Me and Sond face are off to Portugal on the 12th June for a week, I want to swim with dolphins but it’s too expensive! I have two books for the holiday – Fear and Loathing in Las Vegas and On The Road. Flip flops, books, music and sun cream. 


I am going to the invisible circus tonight with a couple of people - Sandy, Nikki and Sandy’s friend Keith ... am I missing someone? Probably. 
I will take my camera and hopefully get some ace photos so I will post them up shortly… I still have to upload photos from my sister’s birthday from the 29th May! Ahh I am well and truly slacking. That’s just standard for me though. Maybe I’ll get better at that, I really need to.

Me and Nikki are also planning/saving to go to Whistler next year, I am trying however to convince her to go this year, but next year sounds a bit more promising. Summer or winter, we haven’t decided yet!? Any ideas? Maybe Summer and then a winter visit a year or two after? Haha.
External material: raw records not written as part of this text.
text \<open>Q-functions are vectors indexed by state-action pairs; value functions by states.
  The transition kernel is given as Pk s a s' = P(s' | s, a).\<close>

definition maxQ :: "real ^ ('s::finite \<times> 'a::finite) \<Rightarrow> real ^ 's" where
  "maxQ Q = (\<chi> s. Max (range (\<lambda>a. Q $ (s, a))))"

definition Pmat :: "('s::finite \<Rightarrow> 'a::finite \<Rightarrow> 's \<Rightarrow> real) \<Rightarrow> real ^ 's \<Rightarrow> real ^ ('s \<times> 'a)" where
  "Pmat Pk v = (\<chi> sa. \<Sum>s'\<in>UNIV. Pk (fst sa) (snd sa) s' * v $ s')"

definition Dmat :: "real ^ 'n::finite \<Rightarrow> real ^ 'n \<Rightarrow> real ^ 'n" where
  "Dmat d x = (\<chi> i. d $ i * x $ i)"

end

theory Submission
  imports Defs
begin

text \<open>The gap \<open>\<delta> = x\<^sup>u - x\<close> obeys a cooperative differential inequality: whenever all its
  components are \<open>\<ge> -c\<close> and one of them equals \<open>-c\<close>, the velocity of that component is
  \<open>\<ge> 0\<close>. For the first block this is because \<open>M(x\<^sub>2 + Q\<^sup>*) - M(Q\<^sup>*) \<le> M(x\<^sub>2)\<close>, \<open>M\<close> is
  monotone and 1-Lipschitz in the sup norm and \<open>P\<close> is stochastic, so the discounted term
  loses at most \<open>\<gamma> c \<le> c\<close>; the second block is a plain averaging. Perturbing the gap by
  \<open>\<epsilon> e\<^sup>t\<close> makes the inequality strict, so it can never reach zero first, and
  \<open>\<epsilon> \<rightarrow> 0\<close> gives the claim.\<close>

lemma has_vector_derivative_vec_nth:
  "(f has_vector_derivative f') F \<Longrightarrow> ((\<lambda>t. f t $ i) has_real_derivative f' $ i) F"
  using bounded_linear.has_vector_derivative[OF bounded_linear_vec_nth, of f f' F i]
  by (simp add: has_real_derivative_iff_has_vector_derivative)
lemma twist_iso: "twist \<in> iso (G_grp \<Gamma> \<omega>) (G_grp \<Gamma> \<omega>')"
proof -
  have "bij_betw twist (K_set \<Gamma> \<omega> \<times> V_set) (K_set \<Gamma> \<omega>' \<times> V_set)"
  proof (rule bij_betw_byWitness[where f' = untwist])
    show "\<forall>p \<in> K_set \<Gamma> \<omega> \<times> V_set. untwist (twist p) = p"
      using untwist_twist by blast
    show "\<forall>p \<in> K_set \<Gamma> \<omega>' \<times> V_set. twist (untwist p) = p"
      using twist_untwist by blast
    show "twist ` (K_set \<Gamma> \<omega> \<times> V_set) \<subseteq> K_set \<Gamma> \<omega>' \<times> V_set"
      using twist_closed by blast
    show "untwist ` (K_set \<Gamma> \<omega>' \<times> V_set) \<subseteq> K_set \<Gamma> \<omega> \<times> V_set"
      using untwist_closed by blast
  qed
  moreover have "twist \<in> hom (G_grp \<Gamma> \<omega>) (G_grp \<Gamma> \<omega>')"
  proof (rule homI)
    show "twist p \<in> carrier (G_grp \<Gamma> \<omega>')" if "p \<in> carrier (G_grp \<Gamma> \<omega>)" for p
      using that twist_closed by (auto simp: carrier_G_grp)
    show "twist (p \<otimes>\<^bsub>G_grp \<Gamma> \<omega>\<^esub> q) = twist p \<otimes>\<^bsub>G_grp \<Gamma> \<omega>'\<^esub> twist q"
      if "p \<in> carrier (G_grp \<Gamma> \<omega>)" "q \<in> carrier (G_grp \<Gamma> \<omega>)" for p q
      using that twist_mult by (auto simp: carrier_G_grp)
  qed
  ultimately show ?thesis by (simp add: iso_def carrier_G_grp)
qed

end

theorem mainTheorem14:
  fixes \<Gamma> :: "('g, 'm) monoid_scheme" and \<omega> :: "'g \<times> 'g \<Rightarrow> 'g"
    and h :: 'g and b :: "bool list \<Rightarrow> 'g"
  assumes "group \<Gamma>"
    and "\<omega> \<in> hom (\<Gamma> \<times>\<times> \<Gamma>) \<Gamma>"
    and "h \<in> carrier \<Gamma>"
    and "\<forall>u. b u \<in> carrier \<Gamma>"
    and "\<forall>u. b u = h \<otimes>\<^bsub>\<Gamma>\<^esub> \<omega> (b (u @ [False]), b (u @ [True]))"
  shows "G_grp \<Gamma> \<omega> \<cong> G_grp \<Gamma> (\<lambda>p. h \<otimes>\<^bsub>\<Gamma>\<^esub> \<omega> p \<otimes>\<^bsub>\<Gamma>\<^esub> inv\<^bsub>\<Gamma>\<^esub> h)"
proof -
  have "b \<in> K_set \<Gamma> (\<lambda>p. h \<otimes>\<^bsub>\<Gamma>\<^esub> \<omega> p)" using assms(4,5) unfolding K_set_def by blast
  then interpret twisted_recursion \<Gamma> \<omega> h b
    using assms(1-3) by (simp add: twisted_recursion_def twisted_recursion_axioms_def)
  show ?thesis using twist_iso unfolding is_iso_def by blast
qed

end
lemma idempotent_frame_bit_matrixI:
  fixes A B C :: "bit^'n^'n"
  assumes "A ** B = 0" "B ** A = 0" "A ** C = 0" "C ** A = 0" "B ** C = 0" "C ** B = 0"
    and "A + B + C = mat 1"
  shows "idempotent_frame matrix_ring A B C"
  by (intro idempotent_frame.intro idempotent_frame_axioms.intro ring_matrix_ring)
    (use assms in \<open>auto simp: matrix_ring_def vec_eq_iff\<close>)

instance bit :: finite
proof
  have "UNIV = {0 :: bit, 1}" by (auto intro: bit.exhaust)
  then show "finite (UNIV :: bit set)" by (metis finite.emptyI finite.insertI)
qed

abbreviation mat3 :: "bit \<Rightarrow> bit \<Rightarrow> bit \<Rightarrow> bit \<Rightarrow> bit \<Rightarrow> bit \<Rightarrow> bit \<Rightarrow> bit \<Rightarrow> bit \<Rightarrow> bit^3^3" where
  "mat3 a b c d e f g h i \<equiv> vector [vector [a, b, c], vector [d, e, f], vector [g, h, i]]"

lemma mat3_mult:
  "mat3 a b c d e f g h i ** mat3 a' b' c' d' e' f' g' h' i' =
    mat3 (a*a' + b*d' + c*g') (a*b' + b*e' + c*h') (a*c' + b*f' + c*i')
         (d*a' + e*d' + f*g') (d*b' + e*e' + f*h') (d*c' + e*f' + f*i')
         (g*a' + h*d' + i*g') (g*b' + h*e' + i*h') (g*c' + h*f' + i*i')"
  by (simp add: vec_eq_iff forall_3 sum_3 matrix_matrix_mult_def)

lemma mat3_add:
  "mat3 a b c d e f g h i + mat3 a' b' c' d' e' f' g' h' i' =
    mat3 (a+a') (b+b') (c+c') (d+d') (e+e') (f+f') (g+g') (h+h') (i+i')"
  by (simp add: vec_eq_iff forall_3)

lemma mat3_zero: "(0 :: bit^3^3) = mat3 0 0 0 0 0 0 0 0 0"
  by (simp add: vec_eq_iff forall_3)

lemma mat3_one: "(mat 1 :: bit^3^3) = mat3 1 0 0 0 1 0 0 0 1"
  by (simp add: vec_eq_iff forall_3 mat_def)

definition KS_frames :: "((bit^3^3) \<times> (bit^3^3) \<times> (bit^3^3)) list" where
  "KS_frames =
    [(mat3 0 0 0 0 0 0 0 0 1, mat3 0 0 0 0 1 0 0 0 0, mat3 1 0 0 0 0 0 0 0 0),
     (mat3 0 0 0 0 0 0 0 0 1, mat3 0 0 0 1 1 0 0 0 0, mat3 1 0 0 1 0 0 0 0 0),
     (mat3 0 0 0 0 0 0 0 0 1, mat3 0 1 0 0 1 0 0 0 0, mat3 1 1 0 0 0 0 0 0 0),
     (mat3 0 0 0 0 0 0 0 1 1, mat3 0 0 0 0 1 0 0 1 0, mat3 1 0 0 0 0 0 0 0 0),
     (mat3 0 0 0 0 0 0 0 1 1, mat3 0 0 0 1 1 0 1 1 0, mat3 1 0 0 1 0 0 1 0 0),
     (mat3 0 0 0 0 0 0 0 1 1, mat3 0 1 0 0 1 0 0 1 0, mat3 1 1 0 0 0 0 0 0 0),
     (mat3 0 0 0 0 0 0 1 0 1, mat3 0 0 0 0 1 0 0 0 0, mat3 1 0 0 0 0 0 1 0 0),
     (mat3 0 0 0 0 0 0 1 0 1, mat3 0 0 0 1 1 0 0 0 0, mat3 1 0 0 1 0 0 1 0 0),
     (mat3 0 0 0 0 0 0 1 0 1, mat3 0 1 0 0 1 0 0 1 0, mat3 1 1 0 0 0 0 1 1 0),
     (mat3 0 0 0 0 0 0 1 1 1, mat3 0 0 0 0 1 0 0 1 0, mat3 1 0 0 0 0 0 1 0 0),
     (mat3 0 0 0 0 0 0 1 1 1, mat3 0 0 0 1 1 0 1 1 0, mat3 1 0 0 1 0 0 0 0 0),
     (mat3 0 0 0 0 0 0 1 1 1, mat3 0 1 0 0 1 0 0 0 0, mat3 1 1 0 0 0 0 1 1 0),
     (mat3 0 0 0 0 0 1 0 0 1, mat3 0 0 0 0 1 1 0 0 0, mat3 1 0 0 0 0 0 0 0 0),
     (mat3 0 0 0 0 0 1 0 0 1, mat3 0 0 0 1 1 1 0 0 0, mat3 1 0 0 1 0 0 0 0 0),
     (mat3 0 0 0 0 0 1 0 0 1, mat3 0 1 1 0 1 1 0 0 0, mat3 1 1 1 0 0 0 0 0 0),
     (mat3 0 0 0 0 1 0 0 0 0, mat3 0 0 1 0 0 0 0 0 1, mat3 1 0 1 0 0 0 0 0 0),
     (mat3 0 0 0 0 1 0 0 1 0, mat3 0 1 1 0 0 0 0 1 1, mat3 1 1 1 0 0 0 0 0 0),
     (mat3 0 0 0 0 1 1 0 0 0, mat3 0 0 0 1 0 1 1 0 1, mat3 1 0 0 1 0 0 1 0 0),
     (mat3 0 0 0 0 1 1 0 0 0, mat3 0 0 1 0 0 1 0 0 1, mat3 1 0 1 0 0 0 0 0 0),
     (mat3 0 0 0 1 0 1 1 0 1, mat3 0 0 0 1 1 1 0 0 0, mat3 1 0 0 0 0 0 1 0 0),
     (mat3 0 0 0 1 0 1 1 0 1, mat3 0 1 1 0 0 0 0 1 1, mat3 1 1 1 1 1 1 1 1 1),
     (mat3 0 0 0 1 1 0 0 0 0, mat3 0 0 1 0 0 1 0 0 1, mat3 1 0 1 1 0 1 0 0 0),
     (mat3 0 0 0 1 1 0 1 1 0, mat3 0 1 1 0 1 1 0 0 0, mat3 1 1 1 1 1 1 1 1 1),
     (mat3 0 0 0 1 1 1 0 0 0, mat3 0 0 1 0 0 0 0 0 1, mat3 1 0 1 1 0 1 0 0 0),
     (mat3 0 0 1 0 0 0 0 0 1, mat3 0 1 0 0 1 0 0 0 0, mat3 1 1 1 0 0 0 0 0 0),
     (mat3 0 0 1 0 0 1 0 0 1, mat3 0 1 1 0 1 1 0 0 0, mat3 1 1 0 0 0 0 0 0 0),
     (mat3 0 1 0 0 1 0 0 1 0, mat3 0 1 1 0 0 0 0 1 1, mat3 1 0 1 0 0 0 0 0 0),
     (mat3 1 0 1 1 0 1 0 0 0, mat3 1 1 0 0 0 0 1 1 0, mat3 1 1 1 1 1 1 1 1 1)]"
I miss my Portsmouth visits already, I’ve made a promise to myself to go and visit Carole and Ali’s friends over there during summer. Maybe I’ll steal her dog Logan. Ha, maybe not, one Labrador is possibly enough for me to handle, and Logan; well he’s a nutcase.
That concludes June’s first blog post, it is a little bit all over the place but that’s just how my mind is. You’ll get used to it =)


Until next time, stay classy.


Rest In Peace Ali x


Wednesday, 16 May 2012

xx Alexandra Peart xx


So, this seems to be the first post of the year... that’s pretty shocking. Not too bad though providing no one actually reads this?
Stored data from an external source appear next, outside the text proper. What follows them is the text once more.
lemma last_column_near_axis:
  assumes T: "T \<in> TLam lam" and shift: "\<bar>T $ last_idx $ last_idx - w\<bar> \<le> \<bar>subd T\<bar>"
    and q: "norm q = 1" "(T - w *\<^sub>R mat 1) *v q = r *\<^sub>R axis last_idx 1"
  shows "norm (q - q $ last_idx *\<^sub>R axis last_idx 1) \<le> kappa * \<bar>subd T\<bar>"
proof -
  define e where "e = axis (last_idx::'n) (1::real)"
  define p where "p = q - q $ last_idx *\<^sub>R e"
  have tri: "tridiagonal T" using TLam_tridiagonal[OF T] .
  have "p \<bullet> e = 0" by (simp add: p_def e_def inner_axis)
  have "norm e = 1" by (simp add: e_def norm_axis_1)
  have "norm p ^ 2 \<le> 1 ^ 2"
    using norm_sub_axis_component_sq[of q last_idx] q(1) by (simp add: p_def e_def)
  then have "norm p \<le> 1" by (rule power2_le_imp_le) simp
  obtain u where "\<And>v. v \<bullet> u = 0 \<Longrightarrow> gap / 2 * norm v \<le> norm ((T - w *\<^sub>R mat 1) *v v)"
    using TLam_shift_coercive[OF T] by blast
  moreover have "norm ((T - w *\<^sub>R mat 1) *v p) \<le> 2 * \<bar>subd T\<bar>"
    using norm_tridiagonal_shift_residual_le[OF card_ge_2 tri q] by (simp add: p_def e_def)
  moreover have "norm ((T - w *\<^sub>R mat 1) *v e) \<le> 2 * \<bar>subd T\<bar>"
    using norm_tridiagonal_shift_last_axis_le[OF card_ge_2 tri shift] by (simp add: e_def)
  ultimately have "norm p \<le> 2 * (2 * \<bar>subd T\<bar>) / (gap / 2)"
    using gap_pos \<open>p \<bullet> e = 0\<close> \<open>norm e = 1\<close> \<open>norm p \<le> 1\<close>
    by (intro norm_le_if_coercive_off_hyperplane[where f = "(*v) (T - w *\<^sub>R mat 1)" and u = u
          and x = p and y = e]) (auto intro: matrix_vector_mul_linear)
  then show ?thesis by (simp add: p_def e_def kappa_def)
qed
(* Let $a>b\geq c>d>0$ and let $p,q$ be real numbers with $p,q\notin\{0,-1\}$. Then $$\frac{L_{p}^{p}(a,b)}{L_{p}^{p}(c,d)}\geq \frac{L_{q}^{q}(a,b)}{L_{q}^{q}(c,d)}\left(1+\frac{p-q}{q+1}\,\ln\frac{I(a^{q+1},b^{q+1})}{I(c^{q+1},d^{q+1})}\right),$$ with equality if and only if $p=q$. In particular, $$\exp\left(1-\frac{L(c,d)}{L(a,b)}\right)<\frac{I(a,b)}{I(c,d)}<\exp\left(\frac{L(a,b)}{L(c,d)}-1\right),$$ and for all $a>b>0$, $$\exp\left(1-\frac{b}{L(a,b)}\right)<\frac{I(a,b)}{b}<\exp\left(\frac{L(a,b)}{b}-1\right).$$
   Context: For $u,v>0$: the logarithmic mean is $L(u,v)=\frac{u-v}{\ln u-\ln v}$ if $u\neq v$ and $L(u,u)=u$; the identric mean is $I(u,v)=\frac{1}{e}\left(\frac{u^u}{v^v}\right)^{1/(u-v)}$ if $u\neq v$ and $I(u,u)=u$; for $p\neq 0,-1$ the $p$-logarithmic mean is $L_p(u,v)=\left(\frac{u^{p+1}-v^{p+1}}{(p+1)(u-v)}\right)^{1/p}$ if $u\neq v$ and $L_p(u,u)=u$. $L_p^p$ denotes the $p$-th power of $L_p$. *)

theory Defs
  imports Complex_Main
begin

definition logmean :: "real \<Rightarrow> real \<Rightarrow> real" where
  "logmean u v = (if u = v then u else (u - v) / (ln u - ln v))"

definition identric :: "real \<Rightarrow> real \<Rightarrow> real" where
  "identric u v = (if u = v then u
     else (1 / exp 1) * ((u powr u) / (v powr v)) powr (1 / (u - v)))"

definition plogmean :: "real \<Rightarrow> real \<Rightarrow> real \<Rightarrow> real" where
  "plogmean p u v = (if u = v then u
     else ((u powr (p + 1) - v powr (p + 1)) / ((p + 1) * (u - v))) powr (1 / p))"

end

theory Submission
  imports Defs "HOL-Analysis.Analysis"
begin

text \<open>
  Put \<open>A = ln a\<close>, \<open>B = ln b\<close>, \<open>C = ln c\<close>, \<open>D = ln d\<close> and
  \<open>Q t = (exp (t A) - exp (t B)) / (exp (t C) - exp (t D))\<close>. Then
  \<open>L\<^sub>p\<^sup>p(a,b) / L\<^sub>p\<^sup>p(c,d) = (c - d) / (a - b) \<cdot> Q (p + 1)\<close> and
  \<open>ln (I(a\<^sup>s,b\<^sup>s) / I(c\<^sup>s,d\<^sup>s)) = s \<cdot> Q' s / Q s\<close>, so the main inequality is the tangent
  line inequality for \<open>Q\<close> at \<open>s = q + 1\<close>, and it follows from strict convexity of \<open>Q\<close>.
  Dividing numerator and denominator by \<open>t exp (t C)\<close> writes \<open>Q = N / M\<close> with
  \<open>N t = \<integral>\<^bsub>B-C\<^esub>\<^bsup>A-C\<^esup> exp (t u) du\<close> and \<open>M t = \<integral>\<^bsub>D-C\<^esub>\<^bsup>0\<^esup> exp (t u) du\<close>.
  Because \<open>B \<ge> C\<close>, \<open>N\<close> is positive, nondecreasing and strictly convex, while \<open>M\<close> is positive
  and decreasing with \<open>1 / M\<close> convex; hence \<open>N \<cdot> (1 / M)\<close> is strictly convex.

  The bounds for \<open>I(a,b) / I(c,d)\<close> are the tangent inequalities at \<open>s = 1\<close> for \<open>Q\<close> and at
  \<open>s = -1\<close> for the quotient of the reflected data \<open>-D, -C, -B, -A\<close>, both evaluated at
  \<open>t = 0\<close>. Since \<open>ln (I(a,b) / b) = a / L(a,b) - 1\<close>, the bounds for \<open>I(a,b) / b\<close> are
  equivalent to \<open>\<surd>(ab) < L(a,b) < (a + b) / 2\<close>.
\<close>

section \<open>Elementary exponential inequalities\<close>

lemma add_one_less_exp:
  fixes x :: real
  assumes "x \<noteq> 0"
  shows "1 + x < exp x"
proof (cases "1 + x / 2 \<ge> 0")
  case True
  have "0 < x\<^sup>2"
    using assms by simp
  then have "1 + x < (1 + x / 2)\<^sup>2"
    by (simp add: power2_eq_square field_simps)
  also have "\<dots> \<le> exp (x / 2) ^ 2"
    using True exp_ge_add_one_self[of "x / 2"] by (intro power_mono) auto
  also have "\<dots> = exp x"
    by (simp add: power2_eq_square flip: exp_add)
  finally show ?thesis .
next
  case False
  then show ?thesis
    using exp_gt_zero[of x] by linarith
qed

lemma zero_less_mult_if_deriv_pos:
  fixes f f' :: "real \<Rightarrow> real"
  assumes "f 0 = 0"
    and "\<And>y. (f has_real_derivative f' y) (at y)"
    and "\<And>y. y \<noteq> 0 \<Longrightarrow> 0 < f' y"
    and "x \<noteq> 0"
  shows "0 < x * f x"
proof (cases "0 < x")
  case True
  then obtain z where "0 < z" "f x - f 0 = (x - 0) * f' z"
    using MVT2[OF True, of f f'] assms(2) by blast
  with True assms(1) assms(3)[of z] show ?thesis by simp
next
  case False
  with assms(4) have "x < 0" by simp
  then obtain z where "z < 0" "f 0 - f x = (0 - x) * f' z"
    using MVT2[OF \<open>x < 0\<close>, of f f'] assms(2) by blast
  with \<open>x < 0\<close> assms(1) assms(3)[of z] have "f x < 0"
    by (simp add: mult_neg_pos)
  with \<open>x < 0\<close> show ?thesis by (simp add: mult_neg_neg)
qed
Well, I’m nearly at the end of my first year on my FdA course! Deadline is the 29th, and boy oh boy do I have A LOT to do.... so I should be doing it really, not talking to myself on here. It’s been a bit of a crazy year.
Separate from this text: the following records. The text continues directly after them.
(* Let $(G,\lambda)$ be a matching problem, $G=(V,E)$ a finite simple graph and $\lambda\in\mathbb{R}_{>0}^n$, and consider the condition (C): $\sum_{i\in V(\mathcal{I})}\lambda_i>\frac12\sum_{i\in V}\lambda_i$ for every independent set $\mathcal{I}$ of $G$, where $V(\mathcal{I})=\bigcup_{i\in\mathcal{I}}V_i$. If either (i) $G$ is a complete graph with $n\ge3$ nodes, or (ii) $G$ is the diamond graph ($V=\{1,2,3,4\}$, $E=\{\{1,2\},\{1,3\},\{2,3\},\{2,4\},\{3,4\}\}$), then stabilizability of $(G,\lambda)$ implies (C), and therefore $(G,\lambda,\Phi)$ is stable for every greedy policy $\Phi$ adapted to $G$. If either (iii) $G$ has diameter at least $3$, or (iv) $G$ contains a node of degree $1$, then (C) is never satisfied.
   Context: $V_i$ is the set of neighbours of $i$; an independent set is a non-empty set of pairwise non-adjacent nodes. Matching model: classes arrive as independent Poisson processes of rates $\lambda_i$; classes $i,j$ matchable iff $\{i,j\}\in E$; unmatched items wait. A policy adapted to $G$: countable state space with queue-size map $|\cdot|$ and unique empty state, probabilities $\Phi(s,i,j,s')$ of matching an arriving class-$i$ item with a waiting neighbour class $j$ or leaving it unmatched ($j=\bot$), new state consistent with queue sizes, irreducible state chain from the empty state. Greedy: no arriving item is left unmatched while a compatible item is waiting. Stable: the state chain is positive recurrent; $(G,\lambda)$ is stabilizable if some policy makes it stable. *)

theory Defs
  imports "HOL-Probability.Probability" "HOL-Library.Extended_Nat"
begin

definition simple_graph :: "nat \<Rightarrow> nat set set \<Rightarrow> bool" where
  "simple_graph n E \<longleftrightarrow>
     (\<forall>e\<in>E. \<exists>i j. e = {i, j} \<and> i \<noteq> j \<and> i \<in> {1..n} \<and> j \<in> {1..n})"

definition nbrs :: "nat set set \<Rightarrow> nat \<Rightarrow> nat set" where
  "nbrs E i = {j. {i, j} \<in> E}"

definition independent_set :: "nat \<Rightarrow> nat set set \<Rightarrow> nat set \<Rightarrow> bool" where
  "independent_set n E I \<longleftrightarrow> I \<noteq> {} \<and> I \<subseteq> {1..n} \<and>
     (\<forall>i\<in>I. \<forall>j\<in>I. {i, j} \<notin> E)"

definition nbr_set :: "nat set set \<Rightarrow> nat set \<Rightarrow> nat set" where
  "nbr_set E I = (\<Union>i\<in>I. nbrs E i)"

definition condC :: "nat \<Rightarrow> nat set set \<Rightarrow> (nat \<Rightarrow> real) \<Rightarrow> bool" where
  "condC n E lam \<longleftrightarrow> (\<forall>I. independent_set n E I \<longrightarrow>
      (\<Sum>i\<in>nbr_set E I. lam i) > (\<Sum>i\<in>{1..n}. lam i) / 2)"

definition complete_graph :: "nat \<Rightarrow> nat set set \<Rightarrow> bool" where
  "complete_graph n E \<longleftrightarrow> E = {{i, j} | i j. i \<in> {1..n} \<and> j \<in> {1..n} \<and> i \<noteq> j}"

definition diamond_graph :: "nat \<Rightarrow> nat set set \<Rightarrow> bool" where
  "diamond_graph n E \<longleftrightarrow> n = 4 \<and> E = {{1,2},{1,3},{2,3},{2,4},{3,4}}"

definition walk :: "nat set set \<Rightarrow> nat \<Rightarrow> nat \<Rightarrow> nat \<Rightarrow> bool" where
  "walk E u v k \<longleftrightarrow> (\<exists>p :: nat \<Rightarrow> nat. p 0 = u \<and> p k = v \<and> (\<forall>i<k. {p i, p (Suc i)} \<in> E))"

text \<open>Graph distance (infinite if no path).\<close>
definition gdist :: "nat set set \<Rightarrow> nat \<Rightarrow> nat \<Rightarrow> enat" where
  "gdist E u v = (INF k\<in>{k. walk E u v k}. enat k)"

definition diameter :: "nat \<Rightarrow> nat set set \<Rightarrow> enat" where
  "diameter n E = (SUP u\<in>{1..n}. SUP v\<in>{1..n}. gdist E u v)"

definition degree :: "nat \<Rightarrow> nat set set \<Rightarrow> nat \<Rightarrow> nat" where
  "degree n E i = card {j \<in> {1..n}. {i, j} \<in> E}"

text \<open>A policy: state set S, queue-size map q, empty state s0, and for each state s and
  arriving class i a probability distribution Phi s i over pairs (j, s') where j = None means
  the arriving item is left unmatched (j = \<bottom>) and j = Some k means it is matched with a waiting
  item of class k; s' is the new state.\<close>

text \<open>One-step transition (class i arrives with probability lam i / sum lam): expectation of f
  at the next state, started in s (uniformized / embedded chain of the arrival process).\<close>
definition Pexp :: "nat \<Rightarrow> (nat \<Rightarrow> real) \<Rightarrow> ('s \<Rightarrow> nat \<Rightarrow> (nat option \<times> 's) pmf) \<Rightarrow> 's
                    \<Rightarrow> ('s \<Rightarrow> real) \<Rightarrow> real" where
  "Pexp n lam Phi s f = (\<Sum>i\<in>{1..n}. lam i / (\<Sum>k\<in>{1..n}. lam k) *
        measure_pmf.expectation (Phi s i) (\<lambda>x. f (snd x)))"

definition step :: "nat \<Rightarrow> (nat \<Rightarrow> real) \<Rightarrow> ('s \<Rightarrow> nat \<Rightarrow> (nat option \<times> 's) pmf) \<Rightarrow> ('s \<times> 's) set" where
  "step n lam Phi = {(s, t). \<exists>i\<in>{1..n}. lam i > 0 \<and> (\<exists>j. pmf (Phi s i) (j, t) > 0)}"

definition adapted_policy ::
  "nat \<Rightarrow> nat set set \<Rightarrow> (nat \<Rightarrow> real) \<Rightarrow> 's set \<Rightarrow> ('s \<Rightarrow> nat \<Rightarrow> nat) \<Rightarrow> 's
     \<Rightarrow> ('s \<Rightarrow> nat \<Rightarrow> (nat option \<times> 's) pmf) \<Rightarrow> bool" where
  "adapted_policy n E lam S q s0 Phi \<longleftrightarrow>
     countable S \<and> s0 \<in> S \<and>
     (\<forall>s\<in>S. \<forall>i. i \<notin> {1..n} \<longrightarrow> q s i = 0) \<and>
     (\<forall>s\<in>S. (\<forall>i\<in>{1..n}. q s i = 0) \<longleftrightarrow> s = s0) \<and>
     (\<forall>s\<in>S. \<forall>i\<in>{1..n}. \<forall>(j, t)\<in>set_pmf (Phi s i). t \<in> S \<and>
        (case j of
           None \<Rightarrow> q t = (q s)(i := q s i + 1)
         | Some k \<Rightarrow> k \<in> nbrs E i \<and> q s k > 0 \<and> q t = (q s)(k := q s k - 1))) \<and>
     (\<forall>s\<in>S. \<forall>t\<in>S. (s, t) \<in> (step n lam Phi \<inter> (S \<times> S))\<^sup>*)"

definition greedy ::
  "nat \<Rightarrow> nat set set \<Rightarrow> 's set \<Rightarrow> ('s \<Rightarrow> nat \<Rightarrow> nat)
     \<Rightarrow> ('s \<Rightarrow> nat \<Rightarrow> (nat option \<times> 's) pmf) \<Rightarrow> bool" where
  "greedy n E S q Phi \<longleftrightarrow>
     (\<forall>s\<in>S. \<forall>i\<in>{1..n}. \<forall>(j, t)\<in>set_pmf (Phi s i).
        j = None \<longrightarrow> (\<forall>k\<in>nbrs E i. q s k = 0))"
One of my best friends passed away on the 3rd May at 5.30am, she sadly lost the battle against her brain tumour ‘Terry’, but she put up the biggest fight against it; whilst carrying on with her life. 
Ali was and always will be one of the greatest people I will ever know. I met her through Clic Sargent, had she not had Cancer I would never have known her. We used to say that to each other all the time, her funeral is tomorrow and I am still convinced I will see her. I can’t quite believe I will never see her again. I don’t know if this is normal, or if I’m insane, I’ve just never lost anyone close to me and I didn’t think I’d ever have to say goodbye, especially to someone so amazing. Her mum Carole has said I can stay the night, which will be nice to be around her family, and say a proper goodbye. 
If you didn’t know Ali then you missed out! The 4 years that I knew her, are some of the best memories in my life. She is probably the only person that ever knew how I really felt about my time with cancer without feeling awkward, and I know she felt comfortable in talking about it to me. She never really said a bad word despite how hard a time she had with it all. The tumour was very much part of her personality, after all she even named him. ‘Terry’ made life hard for Ali but not once did I hear her complain, she enjoyed her life and did as much as she could within the time frame she was given.
The last time I saw her was in January during a visit to her doctor. I went into the room with Carole (her mum) and was told then and there how much time she had left to live. Me and Carole were in a worst state than Ali. Turns out it was Ali comforting me! It takes a lot to hear such devastating news, but it takes a truly beautiful and inspiring person to handle it so gracefully.
I keep saying to myself ‘I should’ve visited sooner’ but in fact I had tickets to visit just 3 days after she died, as much as I keep putting myself down I know  that she would be telling me I was stupid and to shut up!
She passed away peacefully, and with her family at her side. One of the greatest people I will ever know,

Miss Alexandra Peart, sweet dreams xxx

If you have any money to spare, it should be given to Clic Sargant in memory of Ali. Without them, I would never have met such an amazing person.